Watching “Cultural Rhythms” was a bit like stepping back into Kindergarten: I, the short, klutzy spectator, was suddenly filled with the uplifting desire to drop my books and become a dancer. During Expressions Dance Company’s performance in the dimmed and lively Sanders Theater on Saturday, I found myself inadvertently tapping my pen to the beat. Nevermind the fact that I lack the graceful swanlike legs of a dancer, can’t count a beat, and have enormous, boat-like feet. “Cultural Rhythms” just does that to you; it makes you want to sing along, to get up and dance, to join the beat.

“Cultural Rhythms,” an annual showcase of talent from Harvard’s diverse student groups, featured 28 different performances this Saturday. Every year, the Harvard Foundation for Intercultural and Race Relations, which sponsors the event, chooses an Artist of the Year to honor, as well. The 2008 recipient—celebrated jazz musician Herbie Hancock—took to the stage with a large smile on his face at the show’s start and hosted the night with ease.

In the spirit of welcoming the jazz giant to Harvard, the show opened with Marcus Miller ’08 and his band, whose soulful jazz tunes mingled with the blue lighting and filtered into every crevice of Sanders Theater. Hancock showered high praised on the group’s performance, claiming that he wanted to “steal Marcus from Marcus.”

The next set of performers, the Irish American Society Dancers, displayed a lively and impressive form of Irish stepdancing. Their bright, flavorful costumes were the first of many beautiful traditional outfits, from the colorful dresses of the Harvard Ballet Folklorico de Aztlan to the bright orange and white worn by Harvard Bhangra.

When Mariachi Veritas de Harvard, a traditional Mexican Mariachi band, took to the stage, I couldn’t help but share in the excitement of a fellow bench mate, who inadvertently registered amazement as the male soloist began singing in a surprisingly bass voice. Although the songs were in a foreign language, the emotion in the soloists’ voices enveloped the audience in the universality of music.

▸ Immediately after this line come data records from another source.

(* Let $n\ge2$, let $\gamma:I\to S^n$ be a spherical unit speed curve whose spherical dual curve $\mathbf{u}_n$ is non-singular (i.e. $\mathbf{u}_n'(s)\neq\mathbf{0}$ for all $s\in I$), let $s_0\in I$ and let $P\in S^{n-2}_{\mathbf{u}_{n-2}(s_0)}$. Then: (1) the germ $ort_{\gamma,P}:(I,s_0)\to S^n$ is $\mathcal{L}$-equivalent to $ped_{\gamma,P}:(I,s_0)\to S^n$; (2) the germ $ort_{\gamma,P}:(I,s_0)\to S^n$ is not $\mathcal{A}$-equivalent to $\mathbf{u}_n:(I,s_0)\to S^n$.
   Context: $I\subset\mathbb{R}$ is an open interval and $S^n$ the unit sphere in $\mathbb{R}^{n+1}$; the dot denotes the Euclidean inner product. A regular curve $\gamma:I\to S^n$ is a spherical unit speed curve if, setting $\mathbf{u}_{-1}\equiv\mathbf{0}$, $\mathbf{u}_0=\gamma$, $\|\mathbf{u}_0'\|\equiv 1$, $\kappa_0\equiv 0$, the maps $\mathbf{u}_i(s)=\dfrac{\mathbf{u}_{i-1}'(s)+\kappa_{i-1}(s)\mathbf{u}_{i-2}(s)}{\|\mathbf{u}_{i-1}'(s)+\kappa_{i-1}(s)\mathbf{u}_{i-2}(s)\|}$ with $\kappa_i(s)=\|\mathbf{u}_{i-1}'(s)+\kappa_{i-1}(s)\mathbf{u}_{i-2}(s)\|>0$ are well-defined for $1\le i\le n-1$ and all $s\in I$. Then $\mathbf{u}_0(s),\dots,\mathbf{u}_{n-1}(s)$ are orthonormal, and the spherical dual curve $\mathbf{u}_n:I\to S^n$ is defined by requiring $\mathbf{u}_0(s),\dots,\mathbf{u}_n(s)$ orthonormal with $\det(\mathbf{u}_0(s),\dots,\mathbf{u}_n(s))=1$. For $P\in S^n$ with $P\cdot\mathbf{u}_n(s)\neq\pm1$, the spherical pedal curve is $ped_{\gamma,P}(s)=\dfrac{P-(P\cdot\mathbf{u}_n(s))\mathbf{u}_n(s)}{\sqrt{1-(P\cdot\mathbf{u}_n(s))^2}}$ (defined as a germ at $s_0$ when $P\neq\pm\mathbf{u}_n(s_0)$). For any $P\in S^n$ the spherical orthotomic curve is $ort_{\gamma,P}(s)=P-2(P\cdot\mathbf{u}_n(s))\mathbf{u}_n(s)$. For $-1\le i\le n$, $S^i_{\mathbf{u}_i(s)}=(S^n\setminus\{\pm\mathbf{u}_n(s)\})\cap\sum_{j=-1}^{i}\mathbb{R}\mathbf{u}_j(s)$. Two germs $f,g:(I,s_0)\to S^n$ are $\mathcal{L}$-equivalent if there is a germ of $C^\infty$ diffeomorphism $\psi:(S^n,f(s_0))\to(S^n,g(s_0))$ with $g=\psi\circ f$; they are $\mathcal{A}$-equivalent if there are germs of $C^\infty$ diffeomorphisms $\phi:(I,s_0)\to(I,s_0)$ and $\psi:(S^n,f(s_0))\to(S^n,g(s_0))$ with $g\circ\phi=\psi\circ f$. *)

theory Defs
  imports "HOL-Analysis.Analysis"
begin

fun dder :: "'a::real_normed_vector list \<Rightarrow> ('a \<Rightarrow> 'b::real_normed_vector) \<Rightarrow> 'a \<Rightarrow> 'b" where
  "dder [] f = f"
| "dder (v # vs) f = (\<lambda>x. vector_derivative (\<lambda>t. dder vs f (x + t *\<^sub>R v)) (at 0))"

definition smooth_on :: "'a::real_normed_vector set \<Rightarrow> ('a \<Rightarrow> 'b::real_normed_vector) \<Rightarrow> bool" where
  "smooth_on U f \<longleftrightarrow>
     (\<forall>vs. continuous_on U (dder vs f) \<and>
        (\<forall>x\<in>U. \<forall>v. (\<lambda>t. dder vs f (x + t *\<^sub>R v)) differentiable (at 0)))"

text \<open>frame g i = (u_{i-1}, u_i, kappa_i), with u_{-1} = 0, u_0 = g, kappa_0 = 0.\<close>
fun frame :: "(real \<Rightarrow> 'a::real_normed_vector) \<Rightarrow> nat \<Rightarrow>
     (real \<Rightarrow> 'a) \<times> (real \<Rightarrow> 'a) \<times> (real \<Rightarrow> real)" where
  "frame g 0 = ((\<lambda>s. 0), g, (\<lambda>s. 0))"
| "frame g (Suc i) =
     (let (p, u, k) = frame g i;
          w = (\<lambda>s. vector_derivative u (at s) + k s *\<^sub>R p s)
      in (u, (\<lambda>s. w s /\<^sub>R norm (w s)), (\<lambda>s. norm (w s))))"

definition ufr :: "(real \<Rightarrow> 'a::real_normed_vector) \<Rightarrow> nat \<Rightarrow> real \<Rightarrow> 'a" where
  "ufr g i = fst (snd (frame g i))"

definition kap :: "(real \<Rightarrow> 'a::real_normed_vector) \<Rightarrow> nat \<Rightarrow> real \<Rightarrow> real" where
  "kap g i = snd (snd (frame g i))"

text \<open>Spherical unit speed curve in S^n (the ambient space real^'m has dimension n+1).\<close>
definition spherical_unit_speed :: "nat \<Rightarrow> real set \<Rightarrow> (real \<Rightarrow> real^'m) \<Rightarrow> bool" where
  "spherical_unit_speed n I g \<longleftrightarrow>
     smooth_on I g \<and>
     (\<forall>s\<in>I. g s \<in> sphere 0 1) \<and>
     (\<forall>s\<in>I. g differentiable (at s) \<and> norm (vector_derivative g (at s)) = 1) \<and>
     (\<forall>i\<in>{1..n-1}. \<forall>s\<in>I. kap g i s > 0)"

text \<open>The bijection idx : {0..n} -> 'm identifies
  real^'m with R^(n+1) (coordinate k of R^(n+1) is component idx k); the determinant
  det(u_0,...,u_n) is then computed as below (conjugating rows and columns by the same
  permutation does not change the determinant).\<close>
definition dual_curve :: "nat \<Rightarrow> (nat \<Rightarrow> 'm::finite) \<Rightarrow> (real \<Rightarrow> real^'m) \<Rightarrow> real \<Rightarrow> real^'m" where
  "dual_curve n idx g s =
     (THE v. (\<forall>i<n. ufr g i s \<bullet> v = 0) \<and> norm v = 1 \<and>
        det (\<chi> a. (let j = inv_into {..n} idx a in if j = n then v else ufr g j s)) = 1)"

definition pedal :: "nat \<Rightarrow> (nat \<Rightarrow> 'm::finite) \<Rightarrow> (real \<Rightarrow> real^'m) \<Rightarrow> real^'m \<Rightarrow> real \<Rightarrow> real^'m" where
  "pedal n idx g P s =
     (let U = dual_curve n idx g s in
       (P - (P \<bullet> U) *\<^sub>R U) /\<^sub>R sqrt (1 - (P \<bullet> U)\<^sup>2))"

definition orthotomic :: "nat \<Rightarrow> (nat \<Rightarrow> 'm::finite) \<Rightarrow> (real \<Rightarrow> real^'m) \<Rightarrow> real^'m \<Rightarrow> real \<Rightarrow> real^'m" where
  "orthotomic n idx g P s =
     (let U = dual_curve n idx g s in P - (2 * (P \<bullet> U)) *\<^sub>R U)"

text \<open>S^i_{u_i(s)} for 0 <= i (u_{-1} = 0 contributes nothing to the span).\<close>
definition sub_sphere :: "nat \<Rightarrow> (nat \<Rightarrow> 'm::finite) \<Rightarrow> (real \<Rightarrow> real^'m) \<Rightarrow> nat \<Rightarrow> real \<Rightarrow> (real^'m) set" where
  "sub_sphere n idx g i s =
     (sphere 0 1 - {dual_curve n idx g s, - dual_curve n idx g s}) \<inter> span ((\<lambda>j. ufr g j s) ` {..i})"

text \<open>Germ of a C-infinity diffeomorphism of the (embedded) set M from (M,p) to (M,q):
  locally the restriction of ambient C-infinity maps that are mutually inverse on M.\<close>
definition diffeo_germ :: "'a::real_normed_vector set \<Rightarrow> 'a \<Rightarrow> 'a \<Rightarrow> ('a \<Rightarrow> 'a) \<Rightarrow> bool" where
  "diffeo_germ M p q \<psi> \<longleftrightarrow> \<psi> p = q \<and>
     (\<exists>U V \<phi>. open U \<and> open V \<and> p \<in> U \<and> q \<in> V \<and> smooth_on U \<psi> \<and> smooth_on V \<phi> \<and>
        (\<forall>x\<in>M \<inter> U. \<psi> x \<in> M \<inter> V \<and> \<phi> (\<psi> x) = x) \<and>
        (\<forall>y\<in>M \<inter> V. \<phi> y \<in> M \<inter> U \<and> \<psi> (\<phi> y) = y))"

definition L_equiv :: "(real \<Rightarrow> real^'m) \<Rightarrow> (real \<Rightarrow> real^'m) \<Rightarrow> real \<Rightarrow> bool" where
  "L_equiv f g s0 \<longleftrightarrow>
     (\<exists>\<psi>. diffeo_germ (sphere 0 1) (f s0) (g s0) \<psi> \<and> (\<forall>\<^sub>F s in nhds s0. g s = \<psi> (f s)))"

definition A_equiv :: "(real \<Rightarrow> real^'m) \<Rightarrow> (real \<Rightarrow> real^'m) \<Rightarrow> real \<Rightarrow> bool" where
  "A_equiv f g s0 \<longleftrightarrow>
     (\<exists>\<phi> \<psi>. diffeo_germ (UNIV :: real set) s0 s0 \<phi> \<and>
        diffeo_germ (sphere 0 1) (f s0) (g s0) \<psi> \<and>
        (\<forall>\<^sub>F s in nhds s0. g (\<phi> s) = \<psi> (f s)))"

end

theory Submission
  imports Defs
begin

text \<open>Write \<open>U = u\<^sub>n\<close> for the dual curve. Differentiating \<open>u\<^sub>j \<bullet> U = 0\<close> and using the
  Frenet equations \<open>u\<^sub>j' = \<kappa>\<^sub>j\<^sub>+\<^sub>1 u\<^sub>j\<^sub>+\<^sub>1 - \<kappa>\<^sub>j u\<^sub>j\<^sub>-\<^sub>1\<close> gives \<open>U' \<bottom> u\<^sub>j\<close> for \<open>j \<le> n - 2\<close>,
  so every \<open>P\<close> in the span of \<open>u\<^sub>0, \<dots>, u\<^sub>n\<^sub>-\<^sub>2\<close> at \<open>s\<^sub>0\<close> satisfies
  \<open>P \<bullet> U = P \<bullet> U' = 0\<close> there. Hence \<open>ort = P - 2 (P \<bullet> U) U\<close> passes through \<open>P\<close> with zero
  velocity at \<open>s\<^sub>0\<close>.

  (1) On the sphere \<open>ped = \<psi> \<circ> ort\<close> with \<open>\<psi> x = (P + x) / \<parallel>P + x\<parallel>\<close>, a diffeomorphism
  between the half-spheres \<open>P \<bullet> x > -1\<close> and \<open>P \<bullet> y > 0\<close> with inverse \<open>y \<mapsto> 2 (P \<bullet> y) y - P\<close>.

  (2) If \<open>U \<circ> \<phi> = \<psi> \<circ> ort\<close> for germs of diffeomorphisms, the right-hand side still has zero
  derivative at \<open>s\<^sub>0\<close> because \<open>\<psi>\<close> is locally Lipschitz, while the left-hand side has derivative
  \<open>\<phi>'(s\<^sub>0) U'(s\<^sub>0) \<noteq> 0\<close>.\<close>

section \<open>Higher derivatives on the real line\<close>

definition vderiv :: "(real \<Rightarrow> 'a::real_normed_vector) \<Rightarrow> real \<Rightarrow> 'a" where
  "vderiv f s = vector_derivative f (at s)"

primrec k_times_differentiable_on :: "nat \<Rightarrow> real set \<Rightarrow> (real \<Rightarrow> 'a::real_normed_vector) \<Rightarrow> bool" where
  "k_times_differentiable_on 0 I f \<longleftrightarrow> True"
| "k_times_differentiable_on (Suc k) I f \<longleftrightarrow>
     (\<forall>x\<in>I. f differentiable at x) \<and> k_times_differentiable_on k I (vderiv f)"

definition infinitely_differentiable_on :: "real set \<Rightarrow> (real \<Rightarrow> 'a::real_normed_vector) \<Rightarrow> bool" where
  "infinitely_differentiable_on I f \<longleftrightarrow> (\<forall>k. k_times_differentiable_on k I f)"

A similar contagion spread during the performance of the Kuumba Singers, a large-scale choir that explores the musical tradition of African folk songs, spirituals, and gospel. Their performance featured three distinct vocal groups, whose juxtaposed parts harmonized perfectly.

Throughout the evening, Hancock shared a diverse array of personal anecdotes about everything from his wife, whom he met in Asia, to his Irish American roots, “where,” the musician joked, “I got my rhythm from.” Hancock also tried his hand at salsa dancing, Asian fan dancing, and African drumming.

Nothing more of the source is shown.